Jared Loughner and the Arizona shootings

The Arizona shootings on Saturday brought to me a distressing clarity.

When I was in elementary school, it was a common recess practice for kids to provoke an excitable and vulnerable child into doing something stupid, something nobody else dared to do. It seems evident at this point that Jared Loughner was insane, but it also seems impossible to avoid the straight line of reasoning that suggests his madness was amplified and focused by the politics of his culture.

There is culpability here.

Democracy serves the majority, and for a couple of centuries the majority in America was comprised of white Christians. The interests of this tribe were well represented and served, and now that they’re fading into a demographic minority, they claim the democratic system is broken and the government must be overthrown.

It’s not much more complicated than that.

The most boisterous amongst this tribe– like The Tea Party– call for a return to a mythic American past. Rejecting secularism as a perversion of God’s natural laws, they “metaphorically” call their constituents to arms, taking up a Holy War in the name of returning to a past they never knew but imagine glinting in the eyes of the founding fathers.

It’s nakedly theocratic, and it has more in common with Islamist terrorists than it doesn’t. In the parlance, if you replace the word “martyr” with “patriot,” or “hero,” then you have a pretty good idea what’s taking place.

With an utter certainty that the next life is better than this one– with everybody living in a 6,000 square foot home with a trophy wife and a full head of hair– the Christian right is apocalyptic in both nature and intent. They are not afraid of dying for they will be called to paradise.

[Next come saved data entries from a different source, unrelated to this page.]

(* Fix $m,n\in\mathbb N$ and convex bodies $K_0,\dots,K_m\subseteq\mathbb R^n$ containing the origin in their interiors; $\mathscr K=(K_0,\dots,K_m)$. Define \[D^{m,\circ}_2(\mathscr K)=\Big\{(x_1,\dots,x_m)\in\mathbb R^{nm}:\ h_{K_0}\Big(\sum_{i=1}^m x_i\Big)^2+\sum_{i=1}^m h_{-K_i}(x_i)^2\le1\Big\}.\] Then $(m+1)^{-1/2}D^{m,\circ}_2(\mathscr K)\subseteq D^{m,\circ}(\mathscr K)$, and equality holds if and only if $m=1$ and $K_0=-K_1$.
   Context: $h_L(u)=\sup_{y\in L}\langle u,y\rangle$ is the support function. $D^m(\mathscr K)=\{(x_1,\dots,x_m)\in(\mathbb R^n)^m: K_0\cap\bigcap_{i=1}^m(K_i+x_i)\neq\emptyset\}$ and $D^{m,\circ}(\mathscr K)$ is its polar $\{y:\langle y,x\rangle\le1\ \forall x\in D^m(\mathscr K)\}$. *)

theory Defs
  imports "HOL-Analysis.Analysis"
begin

definition support_fun :: "'a::euclidean_space set \<Rightarrow> 'a \<Rightarrow> real" where
  "support_fun L u = (SUP y\<in>L. inner u y)"

text \<open>Points of (R^n)^m, represented as functions nat to R^n, with components 1..m
  and value 0 outside {1..m}.\<close>
definition tuples :: "nat \<Rightarrow> (nat \<Rightarrow> 'a::euclidean_space) set" where
  "tuples m = {x. \<forall>i. i \<notin> {1..m} \<longrightarrow> x i = 0}"

definition tuple_inner :: "nat \<Rightarrow> (nat \<Rightarrow> 'a::euclidean_space) \<Rightarrow> (nat \<Rightarrow> 'a) \<Rightarrow> real" where
  "tuple_inner m y x = (\<Sum>i=1..m. inner (y i) (x i))"

definition Dm :: "nat \<Rightarrow> (nat \<Rightarrow> 'a::euclidean_space set) \<Rightarrow> (nat \<Rightarrow> 'a) set" where
  "Dm m K = {x \<in> tuples m. K 0 \<inter> (\<Inter>i\<in>{1..m}. (\<lambda>z. z + x i) ` K i) \<noteq> {}}"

The terror that America must confront is not external– abstracted on foreign shores and in alien tongues– but internal. It’s from the people who would manipulate the angry and vulnerable to serve their own means, and in my opinion, this is what happened, however indirectly, to Jared Loughner.

One of the devastating ironies in all of this is that one of the people killed on Saturday was a nine year-old girl who was born on September 11, 2001. Christina Taylor-Green was featured in book called Faces of Hope, Babies Born on 9/11. The collection of photographs and inspirational gloss, appears to be a sentimental and patriotic attempt to see some light in a dark time, and on the entry for Christina’s baby picture (already a symbol for something she did not choose), these words are written:

“I hope you know all the words to the Star Spangled Banner and sing it with your hand over your heart. I hope you jump in rain puddles.”

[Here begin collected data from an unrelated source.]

lemma all_in_events:
  assumes "\<And>j. A j \<in> sets borel"
  shows "{\<omega> \<in> space M. \<forall>j<n. \<sigma> j \<omega> \<in> A j} \<in> events"
proof -
  have "{\<omega> \<in> space M. \<forall>j<n. \<sigma> j \<omega> \<in> A j} = space M \<inter> (\<Inter>j<n. \<sigma> j -` A j \<inter> space M)"
    by auto
  also have "\<dots> \<in> events"
    using assms by (cases "n = 0") (auto intro!: sets.Int sets.countable_INT')
  finally show ?thesis .
qed

lemma reaches_through_in_events:
  "A \<in> sets borel \<Longrightarrow> B \<in> sets borel \<Longrightarrow> reaches_through A B \<in> events"
  unfolding reaches_through_eq_UN by (intro sets.countable_UN all_in_events) auto

lemma prob_reaches_through_le:
  assumes A: "A \<in> sets borel" and B: "B \<in> sets borel" and "law A < 1"
  shows "prob (reaches_through A B) \<le> law B / (1 - law A)"
proof -
  define E where "E i = {\<omega> \<in> space M. \<forall>j<Suc i. \<sigma> j \<omega> \<in> (if j = i then B else A)}" for i
  have prob_E: "prob (E i) = law B * law A ^ i" for i
    unfolding E_def using A B by (subst prob_all_in) auto
  have "(\<lambda>i. law A ^ i) sums (1 / (1 - law A))"
    using geometric_sums[of "law A"] assms(3) by (simp add: law_def)
  then have sums: "(\<lambda>i. prob (E i)) sums (law B * (1 / (1 - law A)))"
    unfolding prob_E by (rule sums_mult)
  have "range E \<subseteq> events"
    unfolding E_def using A B by (auto intro: all_in_events)
  then have "prob (\<Union>i. E i) \<le> (\<Sum>i. prob (E i))"
    using sums by (intro finite_measure_subadditive_countably) (auto simp: sums_iff)
  then show ?thesis
    using sums unfolding reaches_through_eq_UN E_def by (simp add: sums_iff)
qed

lemma first_exceed_in_reaches_through:
  "\<omega> \<in> space M \<Longrightarrow> \<sigma> (first_exceed \<sigma> a \<omega>) \<omega> \<in> B \<Longrightarrow> \<omega> \<in> reaches_through {..a} B"
  unfolding reaches_through_def using less_first_exceed[of _ \<sigma> a \<omega>] by auto

lemma prev_argmax_le_in_reaches_through:
  "\<omega> \<in> space M \<Longrightarrow> x < \<sigma> (first_exceed \<sigma> x \<omega>) \<omega> \<Longrightarrow> \<sigma> (prev_argmax \<sigma> x \<omega>) \<omega> \<le> r
    \<Longrightarrow> \<omega> \<in> reaches_through {..r} {x<..}"
  unfolding reaches_through_def using le_prev_argmax[of _ \<sigma> x \<omega>]
  by (fastforce intro!: exI[of _ "first_exceed \<sigma> x \<omega>"])

lemma prev_argmax_gt_in_reaches_through:
  assumes "\<omega> \<in> space M" "0 < first_exceed \<sigma> x \<omega>" "s < \<sigma> (prev_argmax \<sigma> x \<omega>) \<omega>"
  shows "\<omega> \<in> reaches_through {..s} {s<..x}"
proof -
  have "first_exceed \<sigma> s \<omega> < first_exceed \<sigma> x \<omega>"
    using first_exceed_le[of s \<sigma> _ \<omega>, OF assms(3)] prev_argmax_less_first_exceed[OF assms(2)]
    by linarith
  then have "\<sigma> (first_exceed \<sigma> s \<omega>) \<omega> \<in> {s<..x}"
    using exceeds_at_first_exceed[of s \<sigma> _ \<omega>, OF assms(3)] less_first_exceed by auto
  with assms(1) show ?thesis
    by (rule first_exceed_in_reaches_through)
qed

The little girl was a member of student council at school, was present at the Gifford event because she wanted to learn more about politics, and was the granddaughter of Dallas Green, whom I remember as the truculent manager of the Philadelphia Phillies. She could hardly have been more “American” or more representative of an inspiring future– perhaps even one the political agitators and revolutionaries would have wanted– but now her potential is gone, collateral damage to a desperate, even delusional battle that didn’t strike America on 9/11, but rose from it.